You are viewing a plain text version of this content. The canonical link for it is here.
Posted to mapreduce-dev@hadoop.apache.org by Bhallamudi kamesh <bh...@huawei.com> on 2011/02/22 12:18:58 UTC

Exception due to inproper configuration

Hi All,

When we submit a job through job client, job's jar in mapred.system.dir directory will be replicated as per configuration parameter mapred.submit.replication, which is present in mapred-default.xml.By default this value 10.

Now there are chances of configuring dfs.replication and dfs.replication.max, which are present in hdfs-site.xml, independent of mapred.submit.replication.

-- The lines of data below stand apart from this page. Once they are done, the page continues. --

(* For all integers $q \ge d \ge 2$, $B(q,d,2) = \left\lceil \frac{q-1}{d-1}\right\rceil$; that is, for every $f:\binom{[q]}{d}\to\{0,1\}$ there are $b=\lceil \frac{q-1}{d-1}\rceil$ sets $S_1,\dots,S_b\in\binom{[q]}{d}$ with $S_1\cup\dots\cup S_b=[q]$ on which $f$ is constant, and this number cannot be decreased in general.
   Context: $\binom{[q]}{d}$ denotes the family of $d$-element subsets of $[q]=\{1,\dots,q\}$. A function $f:\binom{[q]}{d}\to[c]$ has a $t$-cover if there exist $S_1,\dots,S_t\in\binom{[q]}{d}$ (not necessarily distinct) with $S_1\cup\dots\cup S_t=[q]$ and $f(S_1)=\dots=f(S_t)$. $B(q,d,c)$ is the minimum $t$ such that every $f:\binom{[q]}{d}\to[c]$ has a $t$-cover. *)

theory Defs
  imports Complex_Main
begin

definition ksubsets :: "nat \<Rightarrow> nat \<Rightarrow> nat set set" where
  "ksubsets q d = {S. S \<subseteq> {1..q} \<and> card S = d}"

(* f has a t-cover: S_1..S_t (indexed 0..t-1, not necessarily distinct) in \binom{[q]}{d}
   covering [q] with f constant on them *)
definition has_t_cover :: "nat \<Rightarrow> nat \<Rightarrow> (nat set \<Rightarrow> nat) \<Rightarrow> nat \<Rightarrow> bool" where
  "has_t_cover q d f t \<longleftrightarrow>
     (\<exists>S :: nat \<Rightarrow> nat set.
        (\<forall>i<t. S i \<in> ksubsets q d) \<and>
        (\<Union>i<t. S i) = {1..q} \<and>
        (\<forall>i<t. \<forall>j<t. f (S i) = f (S j)))"

(* B(q,d,c): least t such that every f : \binom{[q]}{d} \<rightarrow> [c] has a t-cover.
   Only the values of f on \binom{[q]}{d} matter. *)
definition B :: "nat \<Rightarrow> nat \<Rightarrow> nat \<Rightarrow> nat" where
  "B q d c = (LEAST t. \<forall>f :: nat set \<Rightarrow> nat.
                 (\<forall>S\<in>ksubsets q d. f S \<in> {1..c}) \<longrightarrow> has_t_cover q d f t)"

end

theory Submission
  imports Defs
begin

text \<open>
  Upper bound: exchanging the elements of one d-set for those of another one at a time shows that
  if a 2-colouring of the d-subsets of Y is not constant, some (d-1)-set Z has two one-point
  extensions of different colours. Then every colour occurring on Y is realised by some Z + y, so
  after covering Y - Z monochromatically (inside Y) with m - 1 sets, one set Z + y of the same
  colour covers Z. Each step removes d - 1 points, so m sets cover m(d-1) + 1 points.

  Lower bound: colour a d-set by whether it contains 1. In a monochromatic cover some set, hence
  every set, contains 1, so t sets cover at most t(d-1) + 1 points.
\<close>

lemma exchange_pair_with_distinct_values:
  assumes "finite A" "finite Q" "card A = card Q" "f A \<noteq> f Q"
  shows "\<exists>Z y1 y2. Z \<subseteq> A \<union> Q \<and> y1 \<in> A \<union> Q \<and> y2 \<in> A \<union> Q \<and> y1 \<notin> Z \<and> y2 \<notin> Z
           \<and> card Z = card A - 1 \<and> f (insert y1 Z) \<noteq> f (insert y2 Z)"
  using assms
proof (induction "card (A - Q)" arbitrary: A rule: less_induct)
  case less
  have "\<not> A \<subseteq> Q"
    using less.prems card_subset_eq[of Q A] by auto
  then obtain a where a: "a \<in> A" "a \<notin> Q" by blast
  have "card (Q - A) = card (A - Q)"
    using less.prems by (simp add: card_Diff_subset_Int Int_commute)
  then have "Q - A \<noteq> {}"
    using a less.prems by (metis Diff_iff card_0_eq empty_iff finite_Diff)
  then obtain b where b: "b \<in> Q" "b \<notin> A" by blast
  define C where "C = insert b (A - {a})"
  have card_C: "card C = card A"
    using a b less.prems card_gt_0_iff[of A] unfolding C_def by (auto simp: card_insert_if)
  show ?case
  proof (cases "f C = f A")
    case False
    then have "f (insert b (A - {a})) \<noteq> f (insert a (A - {a}))"
      using a unfolding C_def by (simp add: insert_absorb)
    then show ?thesis
      using a b less.prems by (intro exI[of _ "A - {a}"] exI[of _ b] exI[of _ a]) auto
  next
    case True
    have "card ((A - Q) - {a}) < card (A - Q)"
      by (rule card_Diff1_less) (use a less.prems in auto)
    moreover have "C - Q = (A - Q) - {a}"
      unfolding C_def using a b by blast
    ultimately have smaller: "card (C - Q) < card (A - Q)"
      by simp
    have "finite C"
      unfolding C_def using less.prems by simp
    moreover have "card C = card Q" "f C \<noteq> f Q"
      using card_C less.prems(3,4) True by simp_all
    ultimately obtain Z y1 y2 where "Z \<subseteq> C \<union> Q" "y1 \<in> C \<union> Q" "y2 \<in> C \<union> Q" "y1 \<notin> Z" "y2 \<notin> Z"
        "card Z = card C - 1" "f (insert y1 Z) \<noteq> f (insert y2 Z)"
      using less.hyps[OF smaller _ less.prems(2)] by blast
    moreover have "C \<union> Q \<subseteq> A \<union> Q"
      unfolding C_def using b by blast
    ultimately show ?thesis
      using card_C by (intro exI[of _ Z] exI[of _ y1] exI[of _ y2]) auto
  qed
qed

lemma exists_pivot_of_two_valued:
  assumes "finite Y" "0 < d" "d \<le> card Y"
    and two_valued: "\<forall>T. T \<subseteq> Y \<longrightarrow> card T = d \<longrightarrow> f T \<in> {a, b}"
  shows "\<exists>Z. Z \<subseteq> Y \<and> card Z = d - 1 \<and>
           (\<forall>T. T \<subseteq> Y \<longrightarrow> card T = d \<longrightarrow> (\<exists>y \<in> Y - Z. f (insert y Z) = f T))"
proof (cases "\<exists>T1 T2. T1 \<subseteq> Y \<and> T2 \<subseteq> Y \<and> card T1 = d \<and> card T2 = d \<and> f T1 \<noteq> f T2")
  case True
  then obtain T1 T2 where T: "T1 \<subseteq> Y" "T2 \<subseteq> Y" "card T1 = d" "card T2 = d" "f T1 \<noteq> f T2"
    by blast
  then have "finite T1" "finite T2"
    using \<open>finite Y\<close> finite_subset by auto
  with T obtain Z y1 y2 where Z: "Z \<subseteq> Y" "y1 \<in> Y" "y2 \<in> Y" "y1 \<notin> Z" "y2 \<notin> Z"
      "card Z = d - 1" "f (insert y1 Z) \<noteq> f (insert y2 Z)"
    using exchange_pair_with_distinct_values[of T1 T2 f] T(1,2) by (metis le_sup_iff subset_iff)
  have "finite Z"
    using Z(1) \<open>finite Y\<close> finite_subset by blast
  then have "card (insert y1 Z) = d" "card (insert y2 Z) = d"
    using Z(4-6) \<open>0 < d\<close> by simp_all
  then have "f (insert y1 Z) \<in> {a, b}" "f (insert y2 Z) \<in> {a, b}"
    using two_valued Z(1-3) by simp_all
  have "\<exists>y \<in> Y - Z. f (insert y Z) = f T" if "T \<subseteq> Y" "card T = d" for T
  proof -
    have "f T \<in> {a, b}"
      using two_valued that by blast
    with Z(7) \<open>f (insert y1 Z) \<in> {a, b}\<close> \<open>f (insert y2 Z) \<in> {a, b}\<close>
    have "f T = f (insert y1 Z) \<or> f T = f (insert y2 Z)"
      by auto
    then show ?thesis
      using Z(2-5) by auto
  qed
  then show ?thesis
    using Z(1,6) by blast
next
  case False
  have "d - 1 \<le> card Y"
    using \<open>d \<le> card Y\<close> by simp
  then obtain Z where Z: "Z \<subseteq> Y" "card Z = d - 1" "finite Z"
    by (rule obtain_subset_with_card_n)
  then have "\<not> Y \<subseteq> Z"
    using assms(2,3) card_mono by fastforce
  then obtain y where y: "y \<in> Y - Z" by blast
  then have "insert y Z \<subseteq> Y" "card (insert y Z) = d"
    using Z \<open>0 < d\<close> by auto
  then have "f (insert y Z) = f T" if "T \<subseteq> Y" "card T = d" for T
    using False that by metis
  then show ?thesis
    using Z(1,2) y by (intro exI[of _ Z]) auto
qed

lemma two_valued_monochromatic_cover:
  assumes "finite U" "Y \<subseteq> U" "0 < d" "d \<le> card U" "0 < m" "card Y \<le> m * (d - 1) + 1"
    and "\<forall>T. T \<subseteq> U \<longrightarrow> card T = d \<longrightarrow> f T \<in> {a, b}"
  shows "\<exists>S c. (\<forall>i<m. S i \<subseteq> U \<and> card (S i) = d \<and> f (S i) = c) \<and> Y \<subseteq> (\<Union>i<m. S i)"
  using assms
proof (induction "card Y" arbitrary: U Y m rule: less_induct)
  case less
  show ?case
  proof (cases "card Y \<le> d")
    case True
    then obtain T where T: "Y \<subseteq> T" "T \<subseteq> U" "card T = d"
      using exists_subset_between less.prems(1,2,4) by blast
    then show ?thesis
      using \<open>0 < m\<close> by (intro exI[of _ "\<lambda>_. T"] exI[of _ "f T"]) auto
  next
    case False
    have "finite Y"
      using less.prems(1,2) finite_subset by blast
    obtain m' where "m = Suc m'"
      using \<open>0 < m\<close> gr0_implies_Suc by blast
    moreover have "m' \<noteq> 0"
    proof
      assume "m' = 0"
      then have "card Y \<le> d"
        using less.prems(6) \<open>0 < d\<close> \<open>m = Suc m'\<close> by simp
      with False show False ..
    qed
    ultimately have m': "m = Suc m'" "0 < m'"
      by simp_all
    have two_valued_Y: "\<forall>T. T \<subseteq> Y \<longrightarrow> card T = d \<longrightarrow> f T \<in> {a, b}"
      using less.prems(2,7) by blast
    obtain Z where Z: "Z \<subseteq> Y" "card Z = d - 1"
        and pivot: "\<And>T. T \<subseteq> Y \<Longrightarrow> card T = d \<Longrightarrow> \<exists>y \<in> Y - Z. f (insert y Z) = f T"
      using exists_pivot_of_two_valued[OF \<open>finite Y\<close> \<open>0 < d\<close> _ two_valued_Y] False by auto
    have "card (Y - Z) = card Y - (d - 1)"
      using Z \<open>finite Y\<close> by (simp add: card_Diff_subset finite_subset)
    moreover have "2 \<le> d"
      using False less.prems(6) \<open>0 < d\<close> by (cases "d = 1") auto
    ultimately have "card (Y - Z) < card Y" "card (Y - Z) \<le> m' * (d - 1) + 1"
      using False less.prems(6) m'(1) by auto
    \<comment> \<open>The recursive cover is taken inside Y, so that the pivot applies to its colour.\<close>
    then have "\<exists>S c. (\<forall>i<m'. S i \<subseteq> Y \<and> card (S i) = d \<and> f (S i) = c) \<and> Y - Z \<subseteq> (\<Union>i<m'. S i)"
      using False \<open>finite Y\<close> \<open>0 < d\<close> \<open>0 < m'\<close> two_valued_Y
      by (intro less.hyps) auto
    then obtain S c where S: "\<forall>i<m'. S i \<subseteq> Y \<and> card (S i) = d \<and> f (S i) = c"
        and covers: "Y - Z \<subseteq> (\<Union>i<m'. S i)"
      by blast
    obtain y where y: "y \<in> Y - Z" "f (insert y Z) = c"
      using pivot S \<open>0 < m'\<close> by metis
    have "card (insert y Z) = d"
      using y Z \<open>finite Y\<close> \<open>2 \<le> d\<close> finite_subset by fastforce
    then have "\<forall>i<m. (S(m' := insert y Z)) i \<subseteq> U \<and> card ((S(m' := insert y Z)) i) = d
                 \<and> f ((S(m' := insert y Z)) i) = c"
      using S y Z(1) less.prems(2) m'(1) by (auto simp: less_Suc_eq)
    moreover have "Y \<subseteq> (\<Union>i<m. (S(m' := insert y Z)) i)"
      using covers m'(1) by (auto simp: lessThan_Suc)
    ultimately show ?thesis
      by blast
  qed
qed

lemma card_UN_sharing_point_le:
  assumes "\<And>i. i < t \<Longrightarrow> finite (S i) \<and> card (S i) = d \<and> x \<in> S i"
  shows "card (\<Union>i<t. S i) \<le> t * (d - 1) + 1"
proof -
  define W where "W = (\<Union>i<t. S i - {x})"
  have "card W \<le> (\<Sum>i<t. card (S i - {x}))"
    unfolding W_def by (rule card_UN_le) simp
  also have "\<dots> = t * (d - 1)"
    using assms by simp
  finally have "card W \<le> t * (d - 1)" .
  have "finite W"
    unfolding W_def using assms by simp
  then have "card (\<Union>i<t. S i) \<le> card (insert x W)"
    unfolding W_def by (intro card_mono) auto
  also have "\<dots> \<le> card W + 1"
    using \<open>finite W\<close> by (simp add: card_insert_if)
  finally show ?thesis
    using \<open>card W \<le> t * (d - 1)\<close> by simp
qed

lemma has_t_cover_mem_one_colouring_le:
  assumes "1 \<le> q" "has_t_cover q d (\<lambda>S. if 1 \<in> S then 1 else 2) t"
  shows "q \<le> t * (d - 1) + 1"
proof -
  obtain S where S: "\<forall>i<t. S i \<in> ksubsets q d" "(\<Union>i<t. S i) = {1..q}"
      and same: "\<forall>i<t. \<forall>j<t. (if 1 \<in> S i then 1 else 2 :: nat) = (if 1 \<in> S j then 1 else 2)"
    using assms(2) unfolding has_t_cover_def by blast
  obtain i0 where "i0 < t" "1 \<in> S i0"
    using S(2) \<open>1 \<le> q\<close> by (metis UN_E atLeastAtMost_iff lessThan_iff order_refl)
  have "1 \<in> S i" if "i < t" for i
  proof -
    have "(if 1 \<in> S i then 1 else 2 :: nat) = (if 1 \<in> S i0 then 1 else 2)"
      using same that \<open>i0 < t\<close> by blast
    with \<open>1 \<in> S i0\<close> show ?thesis
      by (cases "1 \<in> S i") simp_all
  qed
  moreover have "finite (S i) \<and> card (S i) = d" if "i < t" for i
    using S(1) that unfolding ksubsets_def by (auto intro: finite_subset)
  ultimately have "card (\<Union>i<t. S i) \<le> t * (d - 1) + 1"
    by (intro card_UN_sharing_point_le) simp
  then show ?thesis
    using S(2) by simp
qed

lemma has_t_cover_if_two_valued:
  assumes "0 < d" "d \<le> q" "0 < t" "q \<le> t * (d - 1) + 1"
    and "\<forall>S\<in>ksubsets q d. f S \<in> {a, b}"
  shows "has_t_cover q d f t"
proof -
  have two_valued: "\<forall>T. T \<subseteq> {1..q} \<longrightarrow> card T = d \<longrightarrow> f T \<in> {a, b}"
    using assms(5) unfolding ksubsets_def by blast
  have "d \<le> card {1..q}" "card {1..q} \<le> t * (d - 1) + 1"
    using assms(2,4) by simp_all
  from two_valued_monochromatic_cover[OF finite_atLeastAtMost order_refl \<open>0 < d\<close> this(1) \<open>0 < t\<close>
      this(2) two_valued]
  obtain S c where S: "\<forall>i<t. S i \<subseteq> {1..q} \<and> card (S i) = d \<and> f (S i) = c"
      and "{1..q} \<subseteq> (\<Union>i<t. S i)"
    by blast
  then have "(\<Union>i<t. S i) = {1..q}"
    by blast
  with S show ?thesis
    unfolding has_t_cover_def ksubsets_def by auto
qed

lemma two_colour_cover_iff:
  assumes "2 \<le> d" "d \<le> q"
  shows "(\<forall>f :: nat set \<Rightarrow> nat. (\<forall>S\<in>ksubsets q d. f S \<in> {1..2}) \<longrightarrow> has_t_cover q d f t)
         \<longleftrightarrow> q - 1 \<le> t * (d - 1)"
proof
  assume "\<forall>f :: nat set \<Rightarrow> nat. (\<forall>S\<in>ksubsets q d. f S \<in> {1..2}) \<longrightarrow> has_t_cover q d f t"
  then have "has_t_cover q d (\<lambda>S. if 1 \<in> S then 1 else 2) t"
    by simp
  then have "q \<le> t * (d - 1) + 1"
    using has_t_cover_mem_one_colouring_le assms by simp
  then show "q - 1 \<le> t * (d - 1)"
    by simp
next
  assume t: "q - 1 \<le> t * (d - 1)"
  then have "0 < t"
    using assms by (cases t) auto
  have "{1..2 :: nat} = {1, 2}"
    by auto
  then show "\<forall>f :: nat set \<Rightarrow> nat. (\<forall>S\<in>ksubsets q d. f S \<in> {1..2}) \<longrightarrow> has_t_cover q d f t"
    using has_t_cover_if_two_valued[of d q t] assms t \<open>0 < t\<close> by auto
qed

lemma Least_le_mult_eq_ceiling:
  assumes "0 < k"
  shows "int (LEAST t. n \<le> t * k) = \<lceil>real n / real k\<rceil>"
proof -
  define c where "c = \<lceil>real n / real k\<rceil>"
  have iff: "n \<le> t * k \<longleftrightarrow> c \<le> int t" for t
    using assms unfolding c_def by (simp add: ceiling_le_iff pos_divide_le_eq flip: of_nat_mult)
  have "0 \<le> real n / real k"
    by simp
  then have "0 \<le> c"
    unfolding c_def zero_le_ceiling by linarith
  have "(LEAST t. n \<le> t * k) = nat c"
  proof (rule Least_equality)
    show "n \<le> nat c * k"
      using iff \<open>0 \<le> c\<close> by simp
    show "nat c \<le> t" if "n \<le> t * k" for t
      using iff[of t] that by (simp add: nat_le_iff)
  qed
  then show ?thesis
    using \<open>0 \<le> c\<close> unfolding c_def by simp
qed

theorem lemmaA1:
  fixes q d :: nat
  assumes "2 \<le> d" and "d \<le> q"
  shows "int (B q d 2) = ceiling (real (q - 1) / real (d - 1))"
proof -
  have "B q d 2 = (LEAST t. q - 1 \<le> t * (d - 1))"
    unfolding B_def using two_colour_cover_iff[OF assms] by simp
  then show ?thesis
    using Least_le_mult_eq_ceiling[of "d - 1" "q - 1"] assms(1) by simp
qed

end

Suppose user has configured dfs.replication.max as 5(say), then the following exception will be thrown

org.apache.hadoop.ipc.RemoteException: java.io.IOException: file /home/kamesh/hadoop/hadoop-root/mapred/system/job_201102221545_0001/job.jar.
Requested replication 10 exceeds maximum 2
       at org.apache.hadoop.hdfs.server.namenode.FSNamesystem.verifyReplication(FSNamesystem.java:1179)
       at org.apache.hadoop.hdfs.server.namenode.FSNamesystem.setReplicationInternal(FSNamesystem.java:1130)
       at org.apache.hadoop.hdfs.server.namenode.FSNamesystem.setReplication(FSNamesystem.java:1115)
       at org.apache.hadoop.hdfs.server.namenode.NameNode.setReplication(NameNode.java:630)
       at sun.reflect.NativeMethodAccessorImpl.invoke0(Native Method)
       at sun.reflect.NativeMethodAccessorImpl.invoke(NativeMethodAccessorImpl.java:39)
       at sun.reflect.DelegatingMethodAccessorImpl.invoke(DelegatingMethodAccessorImpl.java:25)
       at java.lang.reflect.Method.invoke(Method.java:597)
       at org.apache.hadoop.ipc.RPC$Server.call(RPC.java:514)
       at org.apache.hadoop.ipc.Server$Handler$1.run(Server.java:991)
       at org.apache.hadoop.ipc.Server$Handler$1.run(Server.java:987)
       at java.security.AccessController.doPrivileged(Native Method)
       at javax.security.auth.Subject.doAs(Subject.java:396)
       at org.apache.hadoop.ipc.Server$Handler.run(Server.java:985)

As per the code this absolutely correct, and it should be so.

However, I feel setting replication as maximum replication, when replication exceeds maximum replication. This even ensures application execution.

Even this behavior has both pros and cons.
It executes the application. However it will not replicate as per the user given configuration.

What do you think?

Thanks Regards,
Bh.V.S.Kamesh.